Verlustfeststellung begründet keinen Anspruch auf vollständigen Verlustabzug: Die beiden Verlustarten sind in einem Zeitraum entstanden und auch festgestellt worden, in dem die Mindestbesteuerung noch nicht Gesetz war. Die Abzugsbegrenzung auch für diese „Alt“-Verluste stellt sich nach einer früheren Entscheidung des BFH (BFH v. 11.2.1998 – I R 81/97, BStBl. II 1998, 485) als eine tatbestandliche Rückanknüpfung dar, die nicht gegen das rechtsstaatliche Vertrauensschutzgebot verstößt.

Da es jedem entstandenen Verlust immanent ist, dass eine Verrechnung mit positivem Einkommen/Gewerbeertrag nicht sichergestellt ist, kann auch kein Vertrauen in den Fortbestand einer bestimmten Verlustverrechnungsmöglichkeit erwachsen. Die Verlustverrechnung kann sowohl an fehlenden positiven Einkünften, an einer Liquidation der Gesellschaft vor der Verrechnung, am Tod des Steuerpflichtigen ohne vollständigen Verlustausgleich als auch an zeitlichen Beschränkungen für den Abzug bzw. an der Veränderung der Eigentümerstruktur einer Körperschaft (§ 8c Abs. 1 KStG ab 2008) scheitern.

Kein Verstoß gegen höherrangige Normen des Verfassungsrechts: Der hier in Betracht zu ziehende Maßstab für die Prüfung, ob ein Verstoß gegen Verfassungsrecht vorliegt, ist der Gleichheitsgrundsatz gem. Art. 3 Abs. 1 GG. Hieraus wird das Gebot der Besteuerung nach der wirtschaftlichen Leistungsfähigkeit als auch das Gebot, die Ausgestaltung dieses Prinzips folgerichtig zu regeln, abgeleitet. Daraus hat das BVerfG die Besteuerung nach dem „objektiven“ Nettoprinzip als Grundsatz verlangt (BVerfG v. 12.5.2009 – 2 BvL 1/00, BVerfGE 123, 111). Diese Prinzipien sind auch in das KStG (§ 2 Abs. 2 EStG i.V.m. § 8 Abs. 1 KStG) und in das GewStG (§ 7 Abs. 1 GewStG) übernommen worden.
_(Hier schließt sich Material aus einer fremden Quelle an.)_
text \<open>Composition of power series needs an inner series without constant term, so \<open>sin \<omega>\<close> and
  \<open>cos \<omega>\<close> are expanded around \<open>\<omega> = m\<close> by the addition formulas.\<close>

definition fps_sin_omega :: "real \<Rightarrow> complex fps" where
  "fps_sin_omega m = fps_const (sin (complex_of_real m)) * fps_cos_shift m
     + fps_const (cos (complex_of_real m)) * fps_sin_shift m"

definition fps_cos_omega :: "real \<Rightarrow> complex fps" where
  "fps_cos_omega m = fps_const (cos (complex_of_real m)) * fps_cos_shift m
     - fps_const (sin (complex_of_real m)) * fps_sin_shift m"

definition fps_radicand :: "real \<Rightarrow> complex fps" where
  "fps_radicand m = fps_const (inv_sq m) * (fps_X^2 * (fps_cos_omega m * fps_cos_omega m))"

definition fps_inv_sqrt :: "real \<Rightarrow> complex fps" where
  "fps_inv_sqrt m = fps_binomial (-1/2) oo fps_radicand m"

definition fps_arctan_arg :: "real \<Rightarrow> complex fps" where
  "fps_arctan_arg m = fps_const (inverse (complex_of_real m)) * (fps_X * (fps_sin_omega m * fps_inv_sqrt m))"

definition fps_arctan :: "complex fps" where
  "fps_arctan = Abs_fps (\<lambda>n. if odd n then -\<i>*\<i>^n / of_nat n else 0)"

definition fps_theta :: "real \<Rightarrow> complex fps" where
  "fps_theta m = fps_arctan oo fps_arctan_arg m"

lemmas fps_compose_mult_nth_upto5 =
  fps_compose_nth_upto5 fps_compose_nth_upto5[unfolded One_nat_def]
  fps_mult_nth_upto5 fps_mult_nth_upto5[unfolded One_nat_def]

lemma fps_ratio_sq_nth:
  "fps_nth (fps_ratio_sq m) 0 = 0" "fps_nth (fps_ratio_sq m) 1 = 0" "fps_nth (fps_ratio_sq m) 2 = inv_sq m"
  "fps_nth (fps_ratio_sq m) 3 = 0" "fps_nth (fps_ratio_sq m) 4 = 0" "fps_nth (fps_ratio_sq m) 5 = 0"
  by (simp_all add: fps_ratio_sq_def fps_X_power_nth)

lemma gbinomial_half_upto2:
  "((1/2::complex) gchoose 1) = 1/2" "((1/2::complex) gchoose 2) = -1/8"
  "((-(1/2)::complex) gchoose 1) = -1/2" "((-(1/2)::complex) gchoose 2) = 3/8"
  by (simp_all add: gbinomial_Suc eval_nat_numeral)

lemma fps_omega_nth:
  "fps_nth (fps_omega m) 0 = of_real m" "fps_nth (fps_omega m) 1 = 0"
  "fps_nth (fps_omega m) 2 = of_real m * inv_sq m / 2" "fps_nth (fps_omega m) 3 = 0"
  "fps_nth (fps_omega m) 4 = - of_real m * (inv_sq m)^2 / 8" "fps_nth (fps_omega m) 5 = 0"
  by (simp_all add: fps_omega_def fps_compose_mult_nth_upto5 fps_ratio_sq_nth
      fps_ratio_sq_nth[unfolded One_nat_def] gbinomial_half_upto2)

lemma fps_omega_shift_nth:
  "fps_nth (fps_omega_shift m) 0 = 0" "fps_nth (fps_omega_shift m) 1 = 0"
  "fps_nth (fps_omega_shift m) 2 = of_real m * inv_sq m / 2" "fps_nth (fps_omega_shift m) 3 = 0"
  "fps_nth (fps_omega_shift m) 4 = - of_real m * (inv_sq m)^2 / 8" "fps_nth (fps_omega_shift m) 5 = 0"
  by (simp_all add: fps_omega_shift_def fps_omega_nth fps_omega_nth[unfolded One_nat_def])

lemma fps_sin_cos_nth_upto5:
  "fps_nth (fps_sin (1::complex)) 2 = 0" "fps_nth (fps_sin (1::complex)) 3 = -1/6"
  "fps_nth (fps_sin (1::complex)) 4 = 0" "fps_nth (fps_sin (1::complex)) 5 = 1/120"
  "fps_nth (fps_cos (1::complex)) 2 = -1/2" "fps_nth (fps_cos (1::complex)) 3 = 0"
  "fps_nth (fps_cos (1::complex)) 4 = 1/24" "fps_nth (fps_cos (1::complex)) 5 = 0"
  by (simp_all add: fps_sin_def fps_cos_def fact_numeral)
Gleichzeitig gilt aber für beide Steuerarten das Periodizitätsprinzip (§ 7 Abs. 3 Sätze 1 und 2 KStG sowie § 14 Satz 2 GewStG). Einen Vorrang des Nettoprinzips in dem Sinne, dass der Verlustausgleich auf jeden Fall erfolgen müsse, sieht der BFH aber nicht. Auch wenn die Beschränkung des Verlustausgleichs und damit ein Eingriff in das objektive Nettoprinzip aus Gründen der Verstetigung der Staatseinnahmen vom Gesetzgeber eingeführt wurde, hält dies das BVerfG und mit ihm der BFH für zulässig (BVerfG v. 8.3.1978 – 1 BvR 117, 78, HFR 1978, 293).

Eine zeitliche Streckung des Verlustabzugs ist nach dieser Auffassung nicht zu beanstanden. Eine Verlustabzugsbeschränkung findet ihre Grenze nur in ihrer vollständigen Versagung. Die Möglichkeit des Verlustabzugs ist nicht gleichzusetzen mit einer gem. Art. 14 Abs. 1 GG grundrechtlich geschützten Vermögensposition. Die hiergegen in der Literatur vorgebrachten Einwendungen, insbesondere die Meinung, die Begrenzung des Abzugs pro Kalenderjahr und die damit verbundene zeitliche Streckung des Abzugs sei schon „als solche“ verfassungswidrig (vgl. u. a. Lang in Tipke/Lang, Steuerrecht, 20. Aufl. § 9, Rz. 66), werden vom BFH nicht geteilt.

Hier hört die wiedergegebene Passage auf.